ROOT OF THE SUGAR BEET
The sugar produced during photosynthesis is stored in the root of the sugar beet. The lighter areas are those in which the concentration of sugar is particularly high.
Produced products
Sugar is versatile! Our sugar products - whether from conventional cultivation or in organic quality - are used in the food industry and other sectors or sold to end consumers via food retailers. In addition, we also produce feed for animal husbandry and fertilizer for agriculture.
Storage
After being washed carefully and temporarily stored in the beet bunker, the sugar beet are subsequently processed.
1. Slicing
Slicing machines cut the beets into strips known as cossettes which have an average sugar content of between 16 and 20%.
2. Raw Juice Production
The sugar is extracted from the cossettes by means of hot water (around 70 °C) in a diffuser, with the cossettes moving in the opposite direction to the water flow (counter-flow-principle), in a process known as extraction. The raw juice or liquor obtained contains around 98% of the sugar in the sugar beet as well as organic and inorganic constituents (so-called non-sugars) from the beet.
3. Juice Purification
The non-sugars in the raw juice are bound and extracted by means of the natural substances lime (CaO) and carbonic acid gas (CO2) which are produced in the site‘s own lime kiln.
4. Filtration
The flocculatable insoluble non-sugars and the lime are filtered off in filter units. The filtrate is known as thin juice and the filter residue as carbonation-lime. This is an important soil improver and fertilizer which is spread on the fields.
5. Thick Juice Production
The thin juice is evaporated in hour-long steaming process to produce thick juice. The operation of on-site power plants provides the considerable quantities of energy needed for sugar production. The steam produced in the high-pressure boilers is used in the turbogenerators to produce electricity. The waste steam from the turbines is used as process heat (cogeneration) in order to heat the evaporator station.
6. Cristallisation
The thick juice is thickened further in the boiling-pans under vacuum. The crystallisation process is triggered by adding (spiking) the thick juice with finely ground sugar.

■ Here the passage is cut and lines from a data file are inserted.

lemma gdist_cart_adj:
  assumes "(A ^^ k1) (fst x) (fst y)" "(B ^^ k2) (snd x) (snd y)"
  shows "gdist (cart_adj A B) x y = gdist A (fst x) (fst y) + gdist B (snd x) (snd y)"
proof (rule gdist_eqI)
  have "(A ^^ gdist A (fst x) (fst y)) (fst x) (fst y)"
    "(B ^^ gdist B (snd x) (snd y)) (snd x) (snd y)"
    unfolding gdist_def using assms by (auto intro: LeastI)
  then show "(cart_adj A B ^^ (gdist A (fst x) (fst y) + gdist B (snd x) (snd y))) x y"
    by (rule relpowp_cart_adjI)
next
  fix k assume "(cart_adj A B ^^ k) x y"
  then obtain k1 k2 where "k = k1 + k2" "(A ^^ k1) (fst x) (fst y)" "(B ^^ k2) (snd x) (snd y)"
    by (rule relpowp_cart_adjD)
  then show "gdist A (fst x) (fst y) + gdist B (snd x) (snd y) \<le> k"
    unfolding gdist_def by (metis Least_le add_mono)
qed

definition path_dist :: "nat \<Rightarrow> nat \<Rightarrow> nat" where
  "path_dist i j = (i - j) + (j - i)"

definition cycle_dist :: "nat \<Rightarrow> nat \<Rightarrow> nat \<Rightarrow> nat" where
  "cycle_dist n i j = min (path_dist i j) (n - path_dist i j)"

lemma symp_path_adj: "symp (path_adj m)"
  by (auto simp: symp_def path_adj_def)

lemma symp_cycle_adj: "symp (cycle_adj n)"
  by (auto simp: symp_def cycle_adj_def)

lemma relpowp_path_adj: "i + d < m \<Longrightarrow> (path_adj m ^^ d) i (i + d)"
proof (induction d)
  case (Suc d)
  then have "path_adj m (i + d) (i + Suc d)" by (simp add: path_adj_def)
  with Suc show ?case using relpowp_Suc_I by fastforce
qed simp

lemma relpowp_path_dist:
  assumes "i < m" "j < m"
  shows "(path_adj m ^^ path_dist i j) i j"
proof (cases "i \<le> j")
  case True
  then show ?thesis using relpowp_path_adj[of i "j - i" m] assms by (simp add: path_dist_def)
next
  case False
  then have "(path_adj m ^^ path_dist i j) j i"
    using relpowp_path_adj[of j "i - j" m] assms by (simp add: path_dist_def)
  then show ?thesis by (rule relpowp_sym[OF symp_path_adj])
qed

lemma gdist_path_adj:
  assumes "i < m" "j < m"
  shows "gdist (path_adj m) i j = path_dist i j"
proof (rule gdist_eqI)
  show "(path_adj m ^^ path_dist i j) i j" using assms by (rule relpowp_path_dist)
  show "path_dist i j \<le> k" if "(path_adj m ^^ k) i j" for k
    by (rule relpowp_lower_bound[OF _ _ that]) (auto simp: path_dist_def path_adj_def)
qed

lemma cycle_adj_Suc: "2 \<le> n \<Longrightarrow> j < n \<Longrightarrow> cycle_adj n j ((j + 1) mod n)"
  by (cases "j + 1 = n") (auto simp: cycle_adj_def)

lemma relpowp_cycle_adj:
  assumes "2 \<le> n" "j < n"
  shows "(cycle_adj n ^^ d) j ((j + d) mod n)"
proof (induction d)
  case (Suc d)
  have "(j + Suc d) mod n = ((j + d) mod n + 1) mod n" by (simp add: mod_Suc)
  moreover have "cycle_adj n ((j + d) mod n) (((j + d) mod n + 1) mod n)"
    using assms by (intro cycle_adj_Suc) simp_all
  ultimately show ?case using relpowp_Suc_I[OF Suc.IH] by simp
qed (use assms in simp)

lemma cycle_dist_cases_le:
  assumes "i \<le> j" "j < n"
  shows "j = (i + cycle_dist n i j) mod n \<or> i = (j + cycle_dist n i j) mod n"
proof (cases "j - i \<le> n - (j - i)")
  case True
  then have "cycle_dist n i j = j - i" using assms by (simp add: cycle_dist_def path_dist_def)
  then show ?thesis using assms by simp
next
  case False
  then have "cycle_dist n i j = n - (j - i)" using assms by (simp add: cycle_dist_def path_dist_def)
  moreover have "j + (n - (j - i)) = i + n" using assms by simp
  ultimately show ?thesis using assms by simp
qed

lemma cycle_dist_commute: "cycle_dist n i j = cycle_dist n j i"
  by (simp add: cycle_dist_def path_dist_def add.commute)

lemma cycle_dist_cases:
  assumes "i < n" "j < n"
  shows "j = (i + cycle_dist n i j) mod n \<or> i = (j + cycle_dist n i j) mod n"
  using cycle_dist_cases_le[of i j n] cycle_dist_cases_le[of j i n] assms
  by (cases "i \<le> j") (auto simp: cycle_dist_commute)

lemma cycle_dist_adj:
  assumes "u < n" "cycle_adj n y z"
  shows "cycle_dist n u z \<le> cycle_dist n u y + 1"
  using assms unfolding cycle_adj_def cycle_dist_def path_dist_def
  by (auto simp: mod_Suc split: if_splits) arith+

lemma relpowp_cycle_dist:
  assumes "2 \<le> n" "i < n" "j < n"
  shows "(cycle_adj n ^^ cycle_dist n i j) i j"
  using cycle_dist_cases[OF assms(2,3)]
proof
  assume "j = (i + cycle_dist n i j) mod n"
  then show ?thesis using relpowp_cycle_adj[OF assms(1,2)] by metis
next
  assume "i = (j + cycle_dist n i j) mod n"
  then have "(cycle_adj n ^^ cycle_dist n i j) j i" using relpowp_cycle_adj[OF assms(1,3)] by metis
  then show ?thesis by (rule relpowp_sym[OF symp_cycle_adj])
qed

lemma gdist_cycle_adj:
  assumes "2 \<le> n" "i < n" "j < n"
  shows "gdist (cycle_adj n) i j = cycle_dist n i j"
proof (rule gdist_eqI)
  show "(cycle_adj n ^^ cycle_dist n i j) i j" using assms by (rule relpowp_cycle_dist)
  show "cycle_dist n i j \<le> k" if "(cycle_adj n ^^ k) i j" for k
    by (rule relpowp_lower_bound[OF _ cycle_dist_adj[OF assms(2)] that])
      (simp add: cycle_dist_def path_dist_def)
qed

Further evaporation allows the crystals to grow to the desired size.
7. Centrifugal
The sugar crystals are separated from the syrup by means of centrifuging. The separated syrup is subjected to a further two crystallisation process.
8. Sugar
The pure, crystal-clear sugar appears white when subjected to white light. White sugar contains at least 99.7% sucrose. The remainder is in effect moisture.
9. Sugar Drying
White sugar is dried in an air stream, cooled and stored in silos. In its many forms and packaged in numerous different household and industrial volumes, sugar is an important nutritional and semi-luxury foodstuff which then makes its way to the end consumer.
10. Molasses
The syrup separated off during the final crystallisation step is known as molasses. The molasses contains the non-crystallised sugar (6-9% of the sugar content of the beet) as well as the soluble non-sugars from the sugar beet. Molasses is a valuable ingredient for the baking yeast and animal feed industry as well as for the production of alcohol.